Everyone has a hill: Kerri's race story
By: Kerri Dezutter
In May my friend asked me to join her in September to run Melissa’s 10km race. I was all over it! The race is in the mountains and it’s always beautiful in Banff that time of year. I had 16 weeks to train, which for me was very doable. I’ve run enough races and longer ones so I knew I could do this race.
One of my worries while preparing for this race was to stay injury free because in the past, I’ve been plagued with tendonitis in both of my Achilles. My other worry was not putting in the “proper” training. Getting by with just enough… I’ve gone down this path before and I didn’t want to do it again. The last race I ran was a few years ago and honestly, I seriously under trained for that race and I suffered.
When I started training for this race, I wanted it to be different this time around. So, I created a mantra; “I know I will be disappointed on race day if I’m not ready”. This kept me focused on my training and I’d chosen a training program that only required me to run 3-4 days a week. This allowed the recovery time I needed for my Achilles, but enough training for me to get ready.
Over the course of my training I did some interval training (Interval training is cycling through sets of running at a faster pace followed by a rest period of light jogging /walking and then repeating that cycle). I don’t like intervals. I felt so awkward trying to run “fast”, the very thought of doing sprints seems (without chasing a basketball) so foreign to me. But, I did them because I knew in the race there was going to be a “hill.” This hill is bigger than the ones I can find at home. I had to be ready for it. Plain and simple, I didn’t want to walk that hill.

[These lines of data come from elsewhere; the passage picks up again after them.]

text \<open>On \<Omega> the operator is w \<mapsto> A w' + (c1 + i d1) w + (c3 + i d3), with A = A1 + i A2.\<close>

lemma holo_opP:
  assumes "open \<Omega>"
    and "holo \<alpha> \<beta> \<Omega> c1 d1" "holo \<alpha> \<beta> \<Omega> c3 d3"
    and c2_d2: "\<forall>p\<in>\<Omega>. c2 p = - \<alpha> * d1 p \<and> d2 p = c1 p - \<beta> * d1 p"
    and "holo \<alpha> \<beta> \<Omega> A1 A2"
    and coeffs: "\<forall>p\<in>\<Omega>. a21 p = - \<alpha> * A2 p + a12 p
                   \<and> a22 p = \<alpha> * A1 p - \<alpha> * a11 p - \<beta> * a12 p
                   \<and> b21 p = A1 p - \<beta> * A2 p + b12 p
                   \<and> b22 p = \<alpha> * A2 p - \<alpha> * b11 p - \<beta> * b12 p"
    and "C2_on \<Omega> u" "C2_on \<Omega> v" and uv: "holo \<alpha> \<beta> \<Omega> u v"
  shows "holo \<alpha> \<beta> \<Omega> (opP a11 a12 a21 a22 c1 c2 c3 u v) (opP b11 b12 b21 b22 d1 d2 d3 u v)"
proof -
  have "holo \<alpha> \<beta> \<Omega>
      (\<lambda>q. (A1 q * pdx u q - \<alpha> * A2 q * pdx v q) + (c1 q * u q - \<alpha> * d1 q * v q) + c3 q)
      (\<lambda>q. (A1 q * pdx v q + A2 q * pdx u q - \<beta> * A2 q * pdx v q)
         + (c1 q * v q + d1 q * u q - \<beta> * d1 q * v q) + d3 q)"
    using assms by (intro holo_add holo_mult holo_pdx)
  then show ?thesis
  proof (rule holo_transform_within_open[OF \<open>open \<Omega>\<close>])
    fix q assume "q \<in> \<Omega>"
    then have "pdx u q = \<alpha> * pdy v q" "pdy u q = \<beta> * pdy v q - pdx v q"
      and "c2 q = - \<alpha> * d1 q" "d2 q = c1 q - \<beta> * d1 q"
      and "a21 q = - \<alpha> * A2 q + a12 q" "a22 q = \<alpha> * A1 q - \<alpha> * a11 q - \<beta> * a12 q"
      and "b21 q = A1 q - \<beta> * A2 q + b12 q" "b22 q = \<alpha> * A2 q - \<alpha> * b11 q - \<beta> * b12 q"
      using uv c2_d2 coeffs unfolding holo_def by auto
    note pointwise = this
    show "(A1 q * pdx u q - \<alpha> * A2 q * pdx v q) + (c1 q * u q - \<alpha> * d1 q * v q) + c3 q
          = opP a11 a12 a21 a22 c1 c2 c3 u v q"
      and "(A1 q * pdx v q + A2 q * pdx u q - \<beta> * A2 q * pdx v q)
            + (c1 q * v q + d1 q * u q - \<beta> * d1 q * v q) + d3 q
          = opP b11 b12 b21 b22 d1 d2 d3 u v q"
      by (simp_all add: opP_def pointwise algebra_simps)
  qed
qed

section \<open>The Cauchy-Riemann defect of the operator\<close>

definition cmul :: "real \<Rightarrow> real \<Rightarrow> real \<times> real \<Rightarrow> real \<times> real \<Rightarrow> real \<times> real" where
  "cmul \<alpha> \<beta> z w =
     (fst z * fst w - \<alpha> * snd z * snd w, fst z * snd w + snd z * fst w - \<beta> * snd z * snd w)"

text \<open>The hypothesis on z says that multiplication by z has nonzero determinant.\<close>

lemma cmul_eq_0_imp:
  assumes "cmul \<alpha> \<beta> z w = 0" "(fst z)\<^sup>2 - \<beta> * fst z * snd z + \<alpha> * (snd z)\<^sup>2 \<noteq> 0"
  shows "w = 0"
proof -
  let ?N = "(fst z)\<^sup>2 - \<beta> * fst z * snd z + \<alpha> * (snd z)\<^sup>2"
  have "?N * fst w = 0" "?N * snd w = 0"
    using assms(1) unfolding cmul_def prod_eq_iff by (simp_all add: power2_eq_square) algebra+
  with assms(2) show "w = 0" by (simp add: prod_eq_iff)
qed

In my training over those weeks I employed a number of techniques to make me successful and keep me going:
Visualization:
See Yourself Doing it = It Happens!!
I did a fair bit of visualization: I had this vision of me on top of this hill looking down into the valley. During my training, when I’d go up a hill small or large, I would think of the race and that view.
Self-Talk:
Think it. Say it. Hear it = Be it!!
On those challenging days, when I was struggling (feeling like cutting out early), I’d talk out loud to myself. Things like “run it out!” or “you got this!”. Basically, I was my own cheerleader. That’s how I got through some tough days. I ALWAYS felt better when I stuck it out and got it done, whether it was getting home or getting to the top of a hill or completing the number of intervals I intended to do that day.
The positive reinforcement loop of thinking it (“You got this!”), saying it out loud (“You got this”), and hearing my voice say it (“You got this”), resulted not only in my succeeding on an yucky day but my feeling great about getting through and accomplishing it.
The “Hill” Race Day
When the race began and I started running, I knew the hill was waiting for me. I was preparing myself mentally for it. In my head I had vision of running up and up and up. I found myself on the hill but when I got to the junction, I was expecting to go left, but the course had us turning right. I was confused for a minute, thinking “Weren’t we supposed to turn left and continue climbing?” Turning right meant I was heading for the downhill. The realization came over me that I did it!
The hardest part of my race was over. I had the biggest grin on my face. There was a wave of relief and I knew I had it. I felt awesome. The best part was I was on my way down and heading to the flat part of the race, suddenly it turned into my Saturday long run. I was relaxing with every step and my kilometres got faster and I felt lighter. It was such a freeing experience.
When I crossed the finish line and saw my time. My heart jumped with joy. I haven’t felt this sense of pride in a really long time. I walked away knowing that my dedication, those little things each day that kept me going, my training paid off. I’d made my time goal and I was injury free! The best part was, I wasn’t feeling the “should’ve, would’ve, could’ve” because I did.
*Full disclaimer; I wasn’t perfect with my training; I was on holiday for a few weeks in August where I didn’t train. I also had a bike accident and a bout of shingles (adult chicken pocks) which put me out of commission for a week in September. What I did do was visualize myself on top of that hill, AND I used self-talk, positive talk on my off days and I got through, through to the top of the hill, and to the finish line.